There has been plenty of research to suggest that the more choices we are given, the more likely we choose nothing. We become frozen by options. We no longer get that gut hunch for any of them: they all seem equally likely, or unlikely. How then to choose the law firm you are looking to work with? There are, after all, endless factors to consider, and you might simply choose whatever looks likely and hope for the best.

Take the time, nevertheless, to list your values, to imagine the sort of lawyer you want to be ten years from now. Get a sense of who and what you want to be. What is that person like? How does he behave? What sort of experience will he have had? By developing this image of your future self you will have created a purpose for yourself. Having a purpose means having a basis for a strategy.

Knowing your purpose helps you wade through all the options and snags that might come up, questions about location, pay, what to specialize in, what cases to take, and who to work with.
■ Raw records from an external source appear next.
(* Let $\mathbf F$ be a nonincreasing foliage tree and $\varphi$ a consistent family of foliage grafts for $\mathbf F$ such that $\mathrm{fhybr}(\mathbf F,\varphi)$ has nonempty leaves and each $\mathbf G\in\varphi$ preserves shoots of $\mathbf F$. Then $\mathrm{fhybr}(\mathbf F,\varphi)$ shoots into $\mathbf F$.
   Context: Trees: a tree is a pair $(Q,<)$ with $<$ irreflexive transitive and predecessor sets well-ordered; $\parallel$ = incomparable; $\mathrm{sons}(x)$ = immediate successors; $\max$ = maximal nodes; $0$ = least node; $A{\downarrow}=\{v:\exists a\in A\ a\le v\}$; for an antichain $A$ and $x\in A{\downarrow}$, $\mathrm{root}(x,A)$ is the unique $r\in A$ with $r\le x$. A graft for a tree $\mathcal T$ is a tree $\mathcal G$ with more than one node, least node $0_{\mathcal G}\in\mathrm{nodes}\,\mathcal T$, $\max\mathcal G\subseteq\{v\in\mathrm{nodes}\,\mathcal T:v>_{\mathcal T}0_{\mathcal G}\}$ an antichain in $\mathcal T$, and $\mathrm{impl}\,\mathcal G:=\mathrm{nodes}\,\mathcal G\setminus(\{0_{\mathcal G}\}\cup\max\mathcal G)$ disjoint from $\mathrm{nodes}\,\mathcal T$; $\mathrm{expl}(\mathcal T,\mathcal G)=\{v:v>_{\mathcal T}0_{\mathcal G}\}\setminus(\max\mathcal G){\downarrow}_{\mathcal T}$. A consistent family $\gamma$ of grafts for $\mathcal T$: members are grafts with pairwise disjoint implants, and for distinct $\mathcal D,\mathcal E$: $0_{\mathcal D}\parallel_{\mathcal T}0_{\mathcal E}$ or $0_{\mathcal D}\in(\max\mathcal E){\downarrow}_{\mathcal T}$ or $0_{\mathcal E}\in(\max\mathcal D){\downarrow}_{\mathcal T}$. $\mathrm{supp}(\mathcal T,\gamma)=\mathrm{nodes}\,\mathcal T\setminus\bigcup_{\mathcal G\in\gamma}\mathrm{expl}(\mathcal T,\mathcal G)$. $\mathrm{hybr}(\mathcal T,\gamma)$ is the tree on $\mathrm{supp}(\mathcal T,\gamma)\cup\bigcup_{\mathcal G\in\gamma}\mathrm{impl}\,\mathcal G$ with $x<y$ iff: (b1) $x,y\in\mathrm{supp}$, $x<_{\mathcal T}y$; (b2) $x,y\in\mathrm{impl}\,\mathcal G$, $x<_{\mathcal G}y$; (b3) $x\in\mathrm{supp}$, $y\in\mathrm{impl}\,\mathcal G$, $x\le_{\mathcal T}0_{\mathcal G}$; (b4) $x\in\mathrm{impl}\,\mathcal G$, $y\in\mathrm{supp}\cap(\max\mathcal G){\downarrow}_{\mathcal T}$, $x<_{\mathcal G}\mathrm{root}_{\mathcal T}(y,\max\mathcal G)$; or (b5) $x\in\mathrm{impl}\,\mathcal D$, $y\in\mathrm{impl}\,\mathcal E$ ($\mathcal D\ne\mathcal E$), $0_{\mathcal E}\in(\max\mathcal D){\downarrow}_{\mathcal T}$, $x<_{\mathcal D}\mathrm{root}_{\mathcal T}(0_{\mathcal E},\max\mathcal D)$. Foliage trees: $\mathbf F=(\mathcal T,l)$ with skeleton $\mathcal T$ and leaves $\mathbf F_x=l(x)$; nonincreasing: $x\le y\Rightarrow\mathbf F_y\subseteq\mathbf F_x$; nonempty leaves: every leaf nonempty; $\mathrm{flesh}\,\mathbf F=\bigcup_x\mathbf F_x$; $\mathrm{shoot}_{\mathbf F}(z)=\{\bigcup_{s\in C}\mathbf F_s:C$ cofinite subset of $\mathrm{sons}(z)\}$; $\mathrm{scope}_{\mathbf F}(p)=\{y:p\in\mathbf F_y\}$; $\gamma\gg\delta$ means every nonempty $D\in\delta$ contains some nonempty $G\in\gamma$. A foliage graft for nonincreasing $\mathbf F$ is a nonincreasing foliage tree $\mathbf G$ with skeleton a graft for the skeleton of $\mathbf F$, $\mathbf G_{0_{\mathbf G}}\subseteq\mathbf F_{0_{\mathbf G}}$, and $\mathbf G_m=\mathbf F_m$ for $m\in\max\mathbf G$; $\mathrm{cut}(\mathbf F,\mathbf G)=\mathbf F_{0_{\mathbf G}}\setminus\mathbf G_{0_{\mathbf G}}$; $\mathrm{impl}\,\mathbf G$, $\mathrm{expl}(\mathbf F,\mathbf G)$ refer to skeletons. $\varphi$ is a consistent family of foliage grafts for $\mathbf F$ if its members are foliage grafts for $\mathbf F$ with pairwise distinct skeletons forming a consistent family of grafts for the skeleton of $\mathbf F$; $\mathrm{loss}(\mathbf F,\varphi)=\bigcup_{\mathbf G\in\varphi}\mathrm{cut}(\mathbf F,\mathbf G)$; $\mathrm{supp}(\mathbf F,\varphi)$ is the support of the skeleton of $\mathbf F$ for the family of skeletons. $\mathrm{fhybr}(\mathbf F,\varphi)$ is the foliage tree $\mathbf H$ whose skeleton is the hybrid of the skeleton of $\mathbf F$ and the skeletons of members of $\varphi$, with leaves $\mathbf H_x=\mathbf G_x\setminus\mathrm{loss}(\mathbf F,\varphi)$ if $x\in\mathrm{impl}\,\mathbf G$, $\mathbf G\in\varphi$, and $\mathbf H_x=\mathbf F_x\setminus\mathrm{loss}(\mathbf F,\varphi)$ if $x\in\mathrm{supp}(\mathbf F,\varphi)$. A foliage graft $\mathbf G$ preserves shoots of $\mathbf F$ iff for each $p\in\mathrm{flesh}\,\mathbf G$ and each $y\in\mathrm{scope}_{\mathbf F}(p)\cap(\{0_{\mathbf G}\}\cup\mathrm{expl}(\mathbf F,\mathbf G))$ there is $x\in\mathrm{scope}_{\mathbf G}(p)\cap(\{0_{\mathbf G}\}\cup\mathrm{impl}\,\mathbf G)$ with $\mathrm{shoot}_{\mathbf G}(x)\gg\mathrm{shoot}_{\mathbf F}(y)$. $\mathbf H$ shoots into $\mathbf F$ iff for every $p\in\mathrm{flesh}\,\mathbf H$ and every $y\in\mathrm{scope}_{\mathbf F}(p)$ there is $x\in\mathrm{scope}_{\mathbf H}(p)$ with $\mathrm{shoot}_{\mathbf H}(x)\gg\mathrm{shoot}_{\mathbf F}(y)$. *)

theory Defs
  imports Main
begin

text \<open>A tree is a pair (set of nodes, strict order relation). Nodes of all trees
involved live in one common type 'a, so that grafts and hybrids can be formed.\<close>

type_synonym 'a tree = "'a set \<times> ('a \<Rightarrow> 'a \<Rightarrow> bool)"

definition nodes :: "'a tree \<Rightarrow> 'a set" where
  "nodes T = fst T"

definition tlt :: "'a tree \<Rightarrow> 'a \<Rightarrow> 'a \<Rightarrow> bool" where
  "tlt T = snd T"

definition tle :: "'a tree \<Rightarrow> 'a \<Rightarrow> 'a \<Rightarrow> bool" where
  "tle T x y \<longleftrightarrow> tlt T x y \<or> x = y"

definition tpar :: "'a tree \<Rightarrow> 'a \<Rightarrow> 'a \<Rightarrow> bool" where
  "tpar T x y \<longleftrightarrow> \<not> tle T x y \<and> \<not> tle T y x"

definition is_tree :: "'a tree \<Rightarrow> bool" where
  "is_tree T \<longleftrightarrow>
     (\<forall>x y. tlt T x y \<longrightarrow> x \<in> nodes T \<and> y \<in> nodes T) \<and>
     (\<forall>x. \<not> tlt T x x) \<and>
     (\<forall>x y z. tlt T x y \<longrightarrow> tlt T y z \<longrightarrow> tlt T x z) \<and>
     (\<forall>x \<in> nodes T.
        (\<forall>y z. tlt T y x \<longrightarrow> tlt T z x \<longrightarrow> tlt T y z \<or> y = z \<or> tlt T z y) \<and>
        wf {(y, z). tlt T y z \<and> tlt T z x})"

definition sons :: "'a tree \<Rightarrow> 'a \<Rightarrow> 'a set" where
  "sons T z = {s \<in> nodes T. tlt T z s \<and> \<not> (\<exists>w. tlt T z w \<and> tlt T w s)}"

definition maxs :: "'a tree \<Rightarrow> 'a set" where
  "maxs T = {x \<in> nodes T. \<not> (\<exists>y. tlt T x y)}"

definition has_least :: "'a tree \<Rightarrow> bool" where
  "has_least T \<longleftrightarrow> (\<exists>r \<in> nodes T. \<forall>x \<in> nodes T. tle T r x)"

definition zero :: "'a tree \<Rightarrow> 'a" where
  "zero T = (THE r. r \<in> nodes T \<and> (\<forall>x \<in> nodes T. tle T r x))"

definition down :: "'a tree \<Rightarrow> 'a set \<Rightarrow> 'a set" where
  "down T A = {v \<in> nodes T. \<exists>a \<in> A. tle T a v}"

definition root :: "'a tree \<Rightarrow> 'a \<Rightarrow> 'a set \<Rightarrow> 'a" where
  "root T x A = (THE r. r \<in> A \<and> tle T r x)"

definition antichain :: "'a tree \<Rightarrow> 'a set \<Rightarrow> bool" where
  "antichain T A \<longleftrightarrow> A \<subseteq> nodes T \<and> (\<forall>a \<in> A. \<forall>b \<in> A. a \<noteq> b \<longrightarrow> tpar T a b)"

definition impl :: "'a tree \<Rightarrow> 'a set" where
  "impl G = nodes G - ({zero G} \<union> maxs G)"

definition is_graft :: "'a tree \<Rightarrow> 'a tree \<Rightarrow> bool" where
  "is_graft T G \<longleftrightarrow> is_tree G \<and> (\<exists>x \<in> nodes G. \<exists>y \<in> nodes G. x \<noteq> y) \<and>
     has_least G \<and> zero G \<in> nodes T \<and>
     maxs G \<subseteq> {v \<in> nodes T. tlt T (zero G) v} \<and> antichain T (maxs G) \<and>
     impl G \<inter> nodes T = {}"

definition expl :: "'a tree \<Rightarrow> 'a tree \<Rightarrow> 'a set" where
  "expl T G = {v \<in> nodes T. tlt T (zero G) v} - down T (maxs G)"

definition consistent_grafts :: "'a tree \<Rightarrow> 'a tree set \<Rightarrow> bool" where
  "consistent_grafts T \<gamma> \<longleftrightarrow> (\<forall>G \<in> \<gamma>. is_graft T G) \<and>
     (\<forall>D \<in> \<gamma>. \<forall>E \<in> \<gamma>. D \<noteq> E \<longrightarrow>
        impl D \<inter> impl E = {} \<and>
        (tpar T (zero D) (zero E) \<or> zero D \<in> down T (maxs E) \<or> zero E \<in> down T (maxs D)))"

definition supp :: "'a tree \<Rightarrow> 'a tree set \<Rightarrow> 'a set" where
  "supp T \<gamma> = nodes T - (\<Union>G \<in> \<gamma>. expl T G)"

definition hybr_lt :: "'a tree \<Rightarrow> 'a tree set \<Rightarrow> 'a \<Rightarrow> 'a \<Rightarrow> bool" where
  "hybr_lt T \<gamma> x y \<longleftrightarrow>
     (x \<in> supp T \<gamma> \<and> y \<in> supp T \<gamma> \<and> tlt T x y) \<or>
     (\<exists>G \<in> \<gamma>. x \<in> impl G \<and> y \<in> impl G \<and> tlt G x y) \<or>
     (\<exists>G \<in> \<gamma>. x \<in> supp T \<gamma> \<and> y \<in> impl G \<and> tle T x (zero G)) \<or>
     (\<exists>G \<in> \<gamma>. x \<in> impl G \<and> y \<in> supp T \<gamma> \<inter> down T (maxs G) \<and>
        tlt G x (root T y (maxs G))) \<or>
     (\<exists>D \<in> \<gamma>. \<exists>E \<in> \<gamma>. D \<noteq> E \<and> x \<in> impl D \<and> y \<in> impl E \<and>
        zero E \<in> down T (maxs D) \<and> tlt D x (root T (zero E) (maxs D)))"

definition hybr :: "'a tree \<Rightarrow> 'a tree set \<Rightarrow> 'a tree" where
  "hybr T \<gamma> = (supp T \<gamma> \<union> (\<Union>G \<in> \<gamma>. impl G), hybr_lt T \<gamma>)"

type_synonym ('a, 'b) ftree = "'a tree \<times> ('a \<Rightarrow> 'b set)"

definition skel :: "('a, 'b) ftree \<Rightarrow> 'a tree" where
  "skel F = fst F"

definition leaf :: "('a, 'b) ftree \<Rightarrow> 'a \<Rightarrow> 'b set" where
  "leaf F = snd F"

definition is_ftree :: "('a, 'b) ftree \<Rightarrow> bool" where
  "is_ftree F \<longleftrightarrow> is_tree (skel F)"

definition nonincreasing :: "('a, 'b) ftree \<Rightarrow> bool" where
  "nonincreasing F \<longleftrightarrow> is_ftree F \<and>
     (\<forall>x \<in> nodes (skel F). \<forall>y \<in> nodes (skel F). tle (skel F) x y \<longrightarrow> leaf F y \<subseteq> leaf F x)"

definition nonempty_leaves :: "('a, 'b) ftree \<Rightarrow> bool" where
  "nonempty_leaves F \<longleftrightarrow> (\<forall>x \<in> nodes (skel F). leaf F x \<noteq> {})"

definition flesh :: "('a, 'b) ftree \<Rightarrow> 'b set" where
  "flesh F = (\<Union>x \<in> nodes (skel F). leaf F x)"

definition shoot :: "('a, 'b) ftree \<Rightarrow> 'a \<Rightarrow> 'b set set" where
  "shoot F z = {(\<Union>s \<in> C. leaf F s) | C. C \<subseteq> sons (skel F) z \<and> finite (sons (skel F) z - C)}"

definition scope :: "('a, 'b) ftree \<Rightarrow> 'b \<Rightarrow> 'a set" where
  "scope F p = {y \<in> nodes (skel F). p \<in> leaf F y}"

definition gg :: "'b set set \<Rightarrow> 'b set set \<Rightarrow> bool" (infix "\<ggreater>" 50) where
  "\<gamma> \<ggreater> \<delta> \<longleftrightarrow> (\<forall>D \<in> \<delta>. D \<noteq> {} \<longrightarrow> (\<exists>G \<in> \<gamma>. G \<noteq> {} \<and> G \<subseteq> D))"

definition is_fgraft :: "('a, 'b) ftree \<Rightarrow> ('a, 'b) ftree \<Rightarrow> bool" where
  "is_fgraft F G \<longleftrightarrow> nonincreasing G \<and> is_graft (skel F) (skel G) \<and>
     leaf G (zero (skel G)) \<subseteq> leaf F (zero (skel G)) \<and>
     (\<forall>m \<in> maxs (skel G). leaf G m = leaf F m)"

definition cut :: "('a, 'b) ftree \<Rightarrow> ('a, 'b) ftree \<Rightarrow> 'b set" where
  "cut F G = leaf F (zero (skel G)) - leaf G (zero (skel G))"

definition consistent_fgrafts :: "('a, 'b) ftree \<Rightarrow> ('a, 'b) ftree set \<Rightarrow> bool" where
  "consistent_fgrafts F \<phi> \<longleftrightarrow> (\<forall>G \<in> \<phi>. is_fgraft F G) \<and> inj_on skel \<phi> \<and>
     consistent_grafts (skel F) (skel ` \<phi>)"

definition loss :: "('a, 'b) ftree \<Rightarrow> ('a, 'b) ftree set \<Rightarrow> 'b set" where
  "loss F \<phi> = (\<Union>G \<in> \<phi>. cut F G)"

definition fsupp :: "('a, 'b) ftree \<Rightarrow> ('a, 'b) ftree set \<Rightarrow> 'a set" where
  "fsupp F \<phi> = supp (skel F) (skel ` \<phi>)"

definition fhybr :: "('a, 'b) ftree \<Rightarrow> ('a, 'b) ftree set \<Rightarrow> ('a, 'b) ftree" where
  "fhybr F \<phi> = (hybr (skel F) (skel ` \<phi>),
     (\<lambda>x. if x \<in> fsupp F \<phi> then leaf F x - loss F \<phi>
          else if (\<exists>G \<in> \<phi>. x \<in> impl (skel G))
            then leaf (SOME G. G \<in> \<phi> \<and> x \<in> impl (skel G)) x - loss F \<phi>
          else {}))"

definition preserves_shoots :: "('a, 'b) ftree \<Rightarrow> ('a, 'b) ftree \<Rightarrow> bool" where
  "preserves_shoots F G \<longleftrightarrow>
     (\<forall>p \<in> flesh G. \<forall>y \<in> scope F p \<inter> ({zero (skel G)} \<union> expl (skel F) (skel G)).
        \<exists>x \<in> scope G p \<inter> ({zero (skel G)} \<union> impl (skel G)). shoot G x \<ggreater> shoot F y)"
Its like having a compass through the wide range of opportunities. Once you know who and what you want to be, things become much simpler, and choices become stronger. Rather than being tugged by the wind, you are walking towards an objective.

Holding to that image of what you want to be, you will have trajectory, and will one day look back at your legal career as a thing of purpose, rather than of chance and accident. You will see a line of of goals achieved. You will see a line of necessity throughout the years, instead of an indeterminate meandering that ended up nowhere in particular. Your career will have made sense.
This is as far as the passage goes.